The images you'll see as you scroll down to the current text are all part of the story telling in my novel, Realms of Gold:Ritual to Romance.
Bianca Caldwell, pen name, Bianca Fiore, is a writer for an art magazine. In each of her monthly stories she describes an object used in ancient ritual.
Etruscan Gold Fibula (brooch) with Lions and Sphinxes
This remarkable gold fibula has a small bow formed from three curved tubes and a very long catchplate of gold sheet. On the catchplate is mounted a procession of ten pairs of gold lions, each glancing over its shoulder, while more lions, sphinxes and heads of lions and horses decorate the bow, as well as the tip and butt of the catchplate. Details of the animals are picked out in gold granulation, and lines of granulation ornament the other parts of the brooch.
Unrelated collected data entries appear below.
(* For a finite-space SSP game (as in the context) satisfying the Finite-Space SSP Game Model Assumption, the equation $Q=FQ$ has a unique solution $Q^*\in\mathbb{R}^{R}$, which is related to the value function $J^*$ of the game by $Q^*(i,u,v)=g(i,u,v)+\sum_{j\in S}p_{ij}(u,v)J^*(j)$ for all $(i,u,v)\in R$, and $J^*(i)=\inf_{\rho\in\bar U(i)}\sup_{\sigma\in\bar V(i)}\underline{Q}^*(i,\rho,\sigma)$ for all $i\in S$. Any stationary randomized policies $\mu^*\in\Pi_{1,SR}$, $\nu^*\in\Pi_{2,SR}$ such that for every $i\in S$, $\mu^*(\cdot\mid i)\in\arg\min_{\rho\in\bar U(i)}\sup_{\sigma\in\bar V(i)}\underline Q^*(i,\rho,\sigma)$ and $\nu^*(\cdot\mid i)\in\arg\max_{\sigma\in\bar V(i)}\inf_{\rho\in\bar U(i)}\underline Q^*(i,\rho,\sigma)$ are optimal policies for players I and II, respectively.
   Context: Finite-space game: $S=\{1,\dots,n\}$, $S_o=S\cup\{0\}$, $0$ absorbing cost-free termination state. At $i\in S$, players I and II have finite control sets $U(i)$, $V(i)$; under $(u,v)$ the state moves to $j\in S_o$ w.p. $p_{ij}(u,v)$ with transition cost $\hat g(i,u,v,j)$ paid by player I to player II; $g(i,u,v)$ is the expected one-stage cost. $\Pi_1,\Pi_2$: history-dependent randomized policies. $J(i;\pi_1,\pi_2)=\liminf_{t\to\infty}E_{\pi_1\pi_2}[\sum_{k=0}^t\hat g(i_k,u_k,v_k,i_{k+1})\mid i_0=i]$. The value function $J^*$ is $J^*(i)=\inf_{\pi_1}\sup_{\pi_2}J(i;\pi_1,\pi_2)=\sup_{\pi_2}\inf_{\pi_1}J(i;\pi_1,\pi_2)$; a policy is optimal for player I (II) if it attains the outer inf (sup) for every $i$. $\bar U(i)=\mathcal P(U(i))$, $\bar V(i)=\mathcal P(V(i))$; $\Pi_{1,SR},\Pi_{2,SR}$: stationary randomized policies. $R=\{(i,u,v): i\in S,u\in U(i),v\in V(i)\}$. For $Q\in\mathbb{R}^R$, $i\in S$, $\rho\in\bar U(i)$, $\sigma\in\bar V(i)$: $\underline Q(i,\rho,\sigma)=\sum_{u\in U(i)}\sum_{v\in V(i)}\rho(u)\sigma(v)Q(i,u,v)$. $F:\mathbb{R}^R\to\mathbb{R}^R$, $(FQ)(i,u,v)=g(i,u,v)+\sum_{j\in S}p_{ij}(u,v)\inf_{\rho\in\bar U(j)}\sup_{\sigma\in\bar V(j)}\underline Q(j,\rho,\sigma)$. A pair of policies is prolonging if for some initial state the termination state is with positive probability never reached. Finite-Space SSP Game Model Assumption: (i) there is $\bar\mu\in\Pi_{1,SR}$ with $J(i;\bar\mu,\nu)<+\infty$ for all $\nu\in\Pi_{2,SR}$, all $i$; (ii) there is $\bar\nu\in\Pi_{2,SR}$ with $J(i;\mu,\bar\nu)>-\infty$ for all $\mu\in\Pi_{1,SR}$, all $i$; (iii) every prolonging pair in $\Pi_{1,SR}\times\Pi_{2,SR}$ has $J(i;\mu,\nu)\in\{+\infty,-\infty\}$ for some $i$. *)

theory Defs
  imports "HOL-Probability.Probability"
begin

text \<open>Finite-space SSP game. States S = {1..n}, termination state 0.
  Control sets U i, V i; transition probabilities p i j u v (j in {0..n});
  transition costs gh i u v j paid by player I to player II.\<close>

definition states :: "nat \<Rightarrow> nat set" where
  "states n = {1..n}"

definition game_model ::
  "nat \<Rightarrow> (nat \<Rightarrow> 'u set) \<Rightarrow> (nat \<Rightarrow> 'v set) \<Rightarrow> (nat \<Rightarrow> nat \<Rightarrow> 'u \<Rightarrow> 'v \<Rightarrow> real) \<Rightarrow> bool" where
  "game_model n U V p \<longleftrightarrow>
     (\<forall>i\<in>states n. finite (U i) \<and> U i \<noteq> {} \<and> finite (V i) \<and> V i \<noteq> {}) \<and>
     (\<forall>i\<in>states n. \<forall>u\<in>U i. \<forall>v\<in>V i.
        (\<forall>j\<in>{0..n}. 0 \<le> p i j u v) \<and> (\<Sum>j\<in>{0..n}. p i j u v) = 1)"

definition gexp ::
  "nat \<Rightarrow> (nat \<Rightarrow> nat \<Rightarrow> 'u \<Rightarrow> 'v \<Rightarrow> real) \<Rightarrow> (nat \<Rightarrow> 'u \<Rightarrow> 'v \<Rightarrow> nat \<Rightarrow> real)
   \<Rightarrow> nat \<Rightarrow> 'u \<Rightarrow> 'v \<Rightarrow> real" where
  "gexp n p gh i u v = (\<Sum>j\<in>{0..n}. p i j u v * gh i u v j)"

text \<open>Histories: initial state and list of (u_k, v_k, i_{k+1}).\<close>
type_synonym ('u, 'v) hist = "nat \<times> ('u \<times> 'v \<times> nat) list"

definition cur :: "('u, 'v) hist \<Rightarrow> nat" where
  "cur h = (if snd h = [] then fst h else snd (snd (last (snd h))))"

definition hext :: "('u, 'v) hist \<Rightarrow> 'u \<Rightarrow> 'v \<Rightarrow> nat \<Rightarrow> ('u, 'v) hist" where
  "hext h u v j = (fst h, snd h @ [(u, v, j)])"

definition Pi1 :: "nat \<Rightarrow> (nat \<Rightarrow> 'u set) \<Rightarrow> (('u, 'v) hist \<Rightarrow> 'u pmf) set" where
  "Pi1 n U = {\<pi>. \<forall>h. cur h \<in> states n \<longrightarrow> set_pmf (\<pi> h) \<subseteq> U (cur h)}"

definition Pi2 :: "nat \<Rightarrow> (nat \<Rightarrow> 'v set) \<Rightarrow> (('u, 'v) hist \<Rightarrow> 'v pmf) set" where
  "Pi2 n V = {\<pi>. \<forall>h. cur h \<in> states n \<longrightarrow> set_pmf (\<pi> h) \<subseteq> V (cur h)}"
The lions are of a type typically produced by goldsmiths at Cerveteri, and this was probably where the brooch was made, although it was found at Vulci, probably at the Ponte Sodo necropolis.
Such an elaborate form of this particular type of brooch is unique. Its predecessors were simple bronze examples of the 'serpentine' (snake-like) type produced locally in Italy, but this example follows the fashion for luxurious and ostentatious gold jewellery in seventh-century Etruria.